UnitsML and SensorML
There are many things to be measured and sensed in industrial facilities and commercial buildings. Sensors may be part of systems or isolated. (I have some use cases that demand incorporating ancillary sensors into central energy management.) It would be good to use standards that describe the measurements unambiguously in ways that can be shared by multiple systems.
UnitsML offers an unambiguous way to describe all physical measurements, and an unambiguous ability for a computer to look up the translation of any units of measure to any other units. UnitsML is an existing OASIS technical committee with NIST backing which will need wider participation to complete.
SensorML is a standard from the Open Geospatial Consortium that can describe the geometric, dynamic, and observational characteristics of sensors and sensor systems. There are many different sensor types, from simple visual thermometers to complex electron microscopes and earth observing satellites. SensorML can describe them all.

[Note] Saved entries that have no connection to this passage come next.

(* Let $\mathbf{A}\in\mathbb{R}^{m\times n}$, $\mathbf{b}\in\mathbb{R}^m$, $\mathbf{c}\in\mathbb{R}^n$ define the integer linear program $\min_{\mathbf{x}}\{\mathbf{c}^\top\mathbf{x} \mid \mathbf{A}\mathbf{x}\le \mathbf{b},\ \mathbf{x}\in\mathbb{Z}^n\}$, with bipartite representation $\mathcal{A}=\begin{bmatrix}\mathbf{A}&\mathbf{b}\\ \mathbf{c}^\top&0\end{bmatrix}\in\mathbb{R}^{(m+1)\times(n+1)}$. Let $f_\theta$ be a map from such $(m+1)\times(n+1)$ matrices to $\mathbb{R}^n$ that is permutation-equivariant with respect to variables and permutation-invariant with respect to constraints, i.e. $f_\theta(\pi^c(\mathcal{M}))=\pi^v(f_\theta(\mathcal{M}))$ for all $\pi\in S_n$ and $f_\theta(\sigma^r(\mathcal{M}))=f_\theta(\mathcal{M})$ for all $\sigma\in S_m$, for every input $\mathcal{M}$. If $\pi\in S_n$ is a formulation symmetry of the ILP, then $f_\theta(\mathcal{A})_i=f_\theta(\mathcal{A})_{\pi(i)}$ for all $i\in\{1,\dots,n\}$. Furthermore, for every orbit $\mathcal{O}$ of $\{1,\dots,n\}$ under the symmetry group $\mathcal{G}$ of the ILP, $f_\theta(\mathcal{A})_i=f_\theta(\mathcal{A})_j$ for all $i,j\in\mathcal{O}$.
   Context: $S_n$ denotes the set of all permutations (bijections) of $\{1,\dots,n\}$. For $\pi\in S_n$, a vector $\mathbf{y}$ and a matrix $\mathbf{X}$ with at least $n$ rows/columns: $\pi^v(\mathbf{y})=[y_{\pi(1)},\dots,y_{\pi(n)},y_{n+1},\dots]^\top$ (permuting the top-most $n$ entries), $\pi^r(\mathbf{X})=[\mathbf{X}_{\pi(1),:},\dots,\mathbf{X}_{\pi(n),:},\mathbf{X}_{n+1,:},\dots]^\top$ (permuting the top-most $n$ rows), and $\pi^c(\mathbf{X})=[\mathbf{X}_{:,\pi(1)},\dots,\mathbf{X}_{:,\pi(n)},\mathbf{X}_{:,n+1},\dots]$ (permuting the left-most $n$ columns); analogously for $\sigma\in S_m$. A permutation $\pi\in S_n$ is a formulation symmetry of the ILP if there exists $\sigma\in S_m$ with $\pi^v(\mathbf{c})=\mathbf{c}$, $\sigma^v(\mathbf{b})=\mathbf{b}$, and $A_{\sigma(i),\pi(j)}=A_{i,j}$ for all $i,j$. The set of all formulation symmetries forms a group $\mathcal{G}$ (the symmetry group). The orbit of $i\in\{1,\dots,n\}$ under $\mathcal{G}$ is $\{\pi(i)\mid \pi\in\mathcal{G}\}$. *)

theory Defs
  imports Complex_Main "HOL-Combinatorics.Permutations"
begin

text \<open>Conventions: indices are 0-based. Variables are 0..<n, constraints 0..<m.
  A permutation in S_n is a function pi with pi permutes {..<n}
  (identity outside {..<n}), so permuting the top-most n entries is
  composition with pi.\<close>

definition perm_v :: "(nat \<Rightarrow> nat) \<Rightarrow> (nat \<Rightarrow> real) \<Rightarrow> (nat \<Rightarrow> real)" where
  "perm_v p y = (\<lambda>i. y (p i))"

definition perm_r :: "(nat \<Rightarrow> nat) \<Rightarrow> (nat \<Rightarrow> nat \<Rightarrow> real) \<Rightarrow> (nat \<Rightarrow> nat \<Rightarrow> real)" where
  "perm_r p X = (\<lambda>i j. X (p i) j)"

definition perm_c :: "(nat \<Rightarrow> nat) \<Rightarrow> (nat \<Rightarrow> nat \<Rightarrow> real) \<Rightarrow> (nat \<Rightarrow> nat \<Rightarrow> real)" where
  "perm_c p X = (\<lambda>i j. X i (p j))"

text \<open>(m+1) x (n+1) real matrices: entries outside rows 0..m / columns 0..n are zero.\<close>
definition mats :: "nat \<Rightarrow> nat \<Rightarrow> (nat \<Rightarrow> nat \<Rightarrow> real) set" where
  "mats m n = {M. \<forall>i j. (m < i \<or> n < j) \<longrightarrow> M i j = 0}"

definition bip :: "nat \<Rightarrow> nat \<Rightarrow> (nat \<Rightarrow> nat \<Rightarrow> real) \<Rightarrow> (nat \<Rightarrow> real) \<Rightarrow> (nat \<Rightarrow> real)
    \<Rightarrow> (nat \<Rightarrow> nat \<Rightarrow> real)" where
  "bip m n A b c = (\<lambda>i j.
     if i < m \<and> j < n then A i j
     else if i < m \<and> j = n then b i
     else if i = m \<and> j < n then c j
     else 0)"

definition formulation_symmetry ::
  "nat \<Rightarrow> nat \<Rightarrow> (nat \<Rightarrow> nat \<Rightarrow> real) \<Rightarrow> (nat \<Rightarrow> real) \<Rightarrow> (nat \<Rightarrow> real) \<Rightarrow> (nat \<Rightarrow> nat) \<Rightarrow> bool" where
  "formulation_symmetry m n A b c p \<longleftrightarrow>
     p permutes {..<n} \<and>
     (\<exists>s. s permutes {..<m} \<and>
          (\<forall>j<n. perm_v p c j = c j) \<and>
          (\<forall>i<m. perm_v s b i = b i) \<and>
          (\<forall>i<m. \<forall>j<n. A (s i) (p j) = A i j))"

definition symmetry_group ::
  "nat \<Rightarrow> nat \<Rightarrow> (nat \<Rightarrow> nat \<Rightarrow> real) \<Rightarrow> (nat \<Rightarrow> real) \<Rightarrow> (nat \<Rightarrow> real) \<Rightarrow> (nat \<Rightarrow> nat) set" where
  "symmetry_group m n A b c = {p. formulation_symmetry m n A b c p}"

definition sym_orbit ::
  "nat \<Rightarrow> nat \<Rightarrow> (nat \<Rightarrow> nat \<Rightarrow> real) \<Rightarrow> (nat \<Rightarrow> real) \<Rightarrow> (nat \<Rightarrow> real) \<Rightarrow> nat \<Rightarrow> nat set" where
  "sym_orbit m n A b c i = {p i | p. p \<in> symmetry_group m n A b c}"

end

theory Submission
  imports Defs
begin

text \<open>A formulation symmetry \<open>p\<close>, together with its constraint permutation \<open>s\<close>, is an
  automorphism of the bipartite representation: permuting its columns by \<open>p\<close> and its rows by
  \<open>s\<close> gives back the same matrix. Applying \<open>f\<close>, row invariance discards \<open>s\<close> and column
  equivariance turns \<open>p\<close> into a permutation of the output, which is therefore fixed by \<open>p\<close>.
  Within an orbit every value equals the value at the orbit's base point.\<close>

lemma bip_in_mats: "bip m n A b c \<in> mats m n"
  by (auto simp: mats_def bip_def)

lemma perm_c_in_mats:
  assumes "q permutes {..<n}" and "M \<in> mats m n"
  shows "perm_c q M \<in> mats m n"
  using assms by (auto simp: mats_def perm_c_def permutes_not_in)

lemma formulation_symmetry_permutes:
  "formulation_symmetry m n A b c p \<Longrightarrow> p permutes {..<n}"
  by (simp add: formulation_symmetry_def)

lemma formulation_symmetry_fixes_bip:
  assumes "formulation_symmetry m n A b c p"
  obtains s where "s permutes {..<m}"
    and "perm_r s (perm_c p (bip m n A b c)) = bip m n A b c"
proof -
  from assms obtain s where s: "s permutes {..<m}" and p: "p permutes {..<n}"
    and hc: "\<forall>j<n. c (p j) = c j" and hb: "\<forall>i<m. b (s i) = b i"
    and hA: "\<forall>i<m. \<forall>j<n. A (s i) (p j) = A i j"
    by (auto simp: formulation_symmetry_def perm_v_def)
  have s_in: "s i < m \<longleftrightarrow> i < m" for i
    using s by (metis lessThan_iff permutes_in_image permutes_not_in)
  have p_in: "p j < n \<longleftrightarrow> j < n" for j
    using p by (metis lessThan_iff permutes_in_image permutes_not_in)
  have "perm_r s (perm_c p (bip m n A b c)) = bip m n A b c"
  proof (intro ext)
    fix i j
    have "s i = i" if "\<not> i < m" using s that by (simp add: permutes_not_in)
    moreover have "p j = j" if "\<not> j < n" using p that by (simp add: permutes_not_in)
    ultimately show "perm_r s (perm_c p (bip m n A b c)) i j = bip m n A b c i j"
      using hA hb hc s_in p_in by (auto simp: perm_r_def perm_c_def bip_def)
  qed
  with s show thesis by (rule that)
qed

lemma equivariant_value_fixed_by_automorphism:
  fixes f :: "(nat \<Rightarrow> nat \<Rightarrow> real) \<Rightarrow> (nat \<Rightarrow> real)"
  assumes equiv: "\<And>M q. M \<in> mats m n \<Longrightarrow> q permutes {..<n} \<Longrightarrow>
                     \<forall>i<n. f (perm_c q M) i = perm_v q (f M) i"
      and inv: "\<And>M s. M \<in> mats m n \<Longrightarrow> s permutes {..<m} \<Longrightarrow>
                     \<forall>i<n. f (perm_r s M) i = f M i"
      and M: "M \<in> mats m n" and p: "p permutes {..<n}" and s: "s permutes {..<m}"
      and fixed: "perm_r s (perm_c p M) = M"
      and i: "i < n"
  shows "f M (p i) = f M i"
proof -
  have "f M (p i) = f (perm_c p M) i"
    using equiv[OF M p] i by (simp add: perm_v_def)
  also have "\<dots> = f (perm_r s (perm_c p M)) i"
    using inv[OF perm_c_in_mats[OF p M] s] i by simp
  finally show ?thesis by (simp only: fixed)
qed

theorem proposition1:
  fixes m n :: nat
    and A :: "nat \<Rightarrow> nat \<Rightarrow> real" and b c :: "nat \<Rightarrow> real"
    and f :: "(nat \<Rightarrow> nat \<Rightarrow> real) \<Rightarrow> (nat \<Rightarrow> real)"
    and p :: "nat \<Rightarrow> nat"
  assumes equiv: "\<And>M q. M \<in> mats m n \<Longrightarrow> q permutes {..<n} \<Longrightarrow>
                     \<forall>i<n. f (perm_c q M) i = perm_v q (f M) i"
      and inv: "\<And>M s. M \<in> mats m n \<Longrightarrow> s permutes {..<m} \<Longrightarrow>
                     \<forall>i<n. f (perm_r s M) i = f M i"
      and sym: "formulation_symmetry m n A b c p"
  shows "(\<forall>i<n. f (bip m n A b c) i = f (bip m n A b c) (p i)) \<and>
         (\<forall>k<n. \<forall>i\<in>sym_orbit m n A b c k. \<forall>j\<in>sym_orbit m n A b c k.
              f (bip m n A b c) i = f (bip m n A b c) j)"
proof -
  let ?M = "bip m n A b c"
  have fixed: "f ?M (q k) = f ?M k" if q: "formulation_symmetry m n A b c q" and k: "k < n" for q k
  proof -
    obtain s where "s permutes {..<m}" and "perm_r s (perm_c q ?M) = ?M"
      using formulation_symmetry_fixes_bip[OF q] .
    then show ?thesis
      using equivariant_value_fixed_by_automorphism[OF equiv inv bip_in_mats
          formulation_symmetry_permutes[OF q]] k by blast
  qed
  then show ?thesis
    using sym by (force simp: sym_orbit_def symmetry_group_def)
qed

end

Digital Weather Markup Language (DWML)
Knowledge of the future is important to all markets; knowledge of future weather is important to energy markets. All weather is local. Local weather awareness includes not only weather predictions, but also knowledge about the actual weather at my location following previous predictions.

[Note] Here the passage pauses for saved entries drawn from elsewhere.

lemma foldr_pdir_slice:
  fixes L :: "'a::euclidean_space \<Rightarrow> 'b::euclidean_space \<Rightarrow> real"
  assumes smooth: "smooth_on (U \<times> S) (\<lambda>(x, y). L x y)" and "open U" "open S" "x \<in> U"
    and "set vs \<subseteq> Basis" "z \<in> S"
  shows "foldr (\<lambda>v g. pdir g v) (map (\<lambda>v. (0, v)) vs) (\<lambda>(x, y). L x y) (x, z)
           = foldr (\<lambda>v g. pdir g v) vs (L x) z"
  using assms(5,6)
proof (induction vs arbitrary: z)
  case (Cons v vs)
  let ?D = "foldr (\<lambda>v g. pdir g v) (map (\<lambda>v. (0, v)) vs) (\<lambda>(x, y). L x y)"
  have "set (map (\<lambda>v. (0::'a, v)) vs) \<subseteq> Basis"
    using Cons.prems by (auto simp: Basis_prod_def)
  then have "?D differentiable_on (U \<times> S)"
    using smooth unfolding smooth_on_def by blast
  then have "?D differentiable at (x, z)"
    using assms(2-4) Cons.prems by (simp add: open_Times differentiable_on_eq_differentiable_at)
  moreover have "((\<lambda>z. (x, z)) has_derivative (\<lambda>w. (0, w))) (at z)"
    by (auto intro!: derivative_eq_intros)
  ultimately have "((\<lambda>z. ?D (x, z)) has_derivative (\<lambda>w. frechet_derivative ?D (at (x, z)) (0, w))) (at z)"
    using has_derivative_compose frechet_derivative_works by blast
  then have "pdir (\<lambda>z. ?D (x, z)) v z = pdir ?D (0, v) (x, z)"
    unfolding pdir_def[of ?D] by (rule pdir_eq_derivative)
  also have "pdir (\<lambda>z. ?D (x, z)) v z = pdir (foldr (\<lambda>v g. pdir g v) vs (L x)) v z"
    using pdir_transform_open[OF assms(3) Cons.prems(2), of "\<lambda>z. ?D (x, z)"] Cons by auto
  finally show ?case by simp
qed simp

lemma differentiable_foldr_pdir_slice:
  fixes L :: "'a::euclidean_space \<Rightarrow> 'b::euclidean_space \<Rightarrow> real"
  assumes smooth: "smooth_on (U \<times> S) (\<lambda>(x, y). L x y)" and "open U" "open S" "x \<in> U"
    and "set vs \<subseteq> Basis" "z \<in> S"
  shows "foldr (\<lambda>v g. pdir g v) vs (L x) differentiable at z"
proof -
  let ?D = "foldr (\<lambda>v g. pdir g v) (map (\<lambda>v. (0, v)) vs) (\<lambda>(x, y). L x y)"
  have "set (map (\<lambda>v. (0::'a, v)) vs) \<subseteq> Basis"
    using assms(5) by (auto simp: Basis_prod_def)
  then have "?D differentiable_on (U \<times> S)"
    using smooth unfolding smooth_on_def by blast
  then have "?D differentiable at (x, z)"
    using assms(2-4,6) by (simp add: open_Times differentiable_on_eq_differentiable_at)
  then have "(\<lambda>z. ?D (x, z)) differentiable at z"
    using differentiable_chain_at[of "\<lambda>z. (x, z)" z ?D] by (simp add: o_def)
  then show ?thesis
    using differentiable_transform_open[OF _ assms(3,6)] foldr_pdir_slice[OF assms(1-5)] by blast
qed

lemma finsler_metric_partials3_differentiable:
  fixes L :: "real^'n \<Rightarrow> real^'n \<Rightarrow> real"
  assumes "finsler_metric U L" "open U" "x \<in> U"
  shows "partials3_differentiable_off_0 (L x)"
  unfolding partials3_differentiable_off_0_def
proof (intro allI impI conjI)
  fix z :: "real^'n" and i j k :: 'n
  assume "z \<noteq> 0"
  moreover have "smooth_on (U \<times> (UNIV - {0})) (\<lambda>(x, y). L x y)"
    using assms(1) by (simp add: finsler_metric_def)
  moreover have "open (UNIV - {0::real^'n})"
    by (simp add: open_delete)
  moreover have "{axis i 1, axis j 1, axis k 1} \<subseteq> (Basis :: (real^'n) set)"
    by (auto simp: Basis_vec_def)
  ultimately have diff: "foldr (\<lambda>v g. pdir g v) vs (L x) differentiable at z"
    if "vs \<in> {[], [axis i 1], [axis j 1, axis i 1], [axis k 1, axis j 1, axis i 1]}" for vs
    using differentiable_foldr_pdir_slice[OF _ assms(2) _ assms(3), where vs=vs and z=z] that by auto
  show "L x differentiable at z"
    using diff[of "[]"] by simp
  show "dy (L x) i differentiable at z"
    using diff[of "[axis i 1]"] by (simp add: dy_def)
  show "dy (dy (L x) i) j differentiable at z"
    using diff[of "[axis j 1, axis i 1]"] by (simp add: dy_def)
  show "dy (dy (dy (L x) i) j) k differentiable at z"
    using diff[of "[axis k 1, axis j 1, axis i 1]"] by (simp add: dy_def)
qed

DWML is an existing specification developed by the National Oceanic and Atmospheric Administration (NOAA). NOAA offers access to their National Digital Forecast Database (NDFD) using DWML. DWML is a little quirky, and a little hard to use. Smart energy would benefit from its further development. We need to define a DWML profile for reporting as well as forecasting, to enable the exchange of actual conditions as well as forecasts. Such a profile would be used when querying local weather stations and even personal weather systems.
WS-DD and WS-DP
Device discovery and device profiles have been used in computer networking for some time. These specifications for the web services implementation are going to a standards vote in May. A major manufacturer of electrical equipment has already announced that they will include WS-DD and WS DP for all the equipment it sells. There are open source implementations for small devices (https://forge.soa4d.org/). I think they will have a big role in the future world of distributed generation and Net Zero Energy facilities.
SG CyberSecurity
Cyber security is drawing more attention and concern every day. Today’s grid cybersecurity is concerned primarily with defending the isolated system with relatively static interactions. Tomorrow’s cybersecurity will apply to systems interacting with others owned by many different people, of uncertain skill and diligence in securing their own systems. Security issues need to be integrated within every smart grid standard from the beginning. We need a separate security toolkit/framework, perhaps a profile from current fine-grained security standards, key management, and related areas. Broader integration of physical security, fine-grained networking and commercial security, and situation awareness technologies need to be part of the mix.
New Daedalus
Daedalus designed buildings, automated statues, and built wings for human flight. Daedalus worked by eye and hand, his designs scratched with a stylus on wax tablets. Until recently, we merely perfected his means of work, using better pens, and paper, and finally drawing on computers.
It is only recently that we have begun to leave the methods of Daedalus behind.
Simulations and digital twins guide each decision. Intelligence, or at least behaviors, imbue each system and device. Cyberphysical systems replace household servants and chauffeurs, operate factories, and manage energy logistics. The most pressing concerns are how intelligent systems and buildings will respond to us, and to each other.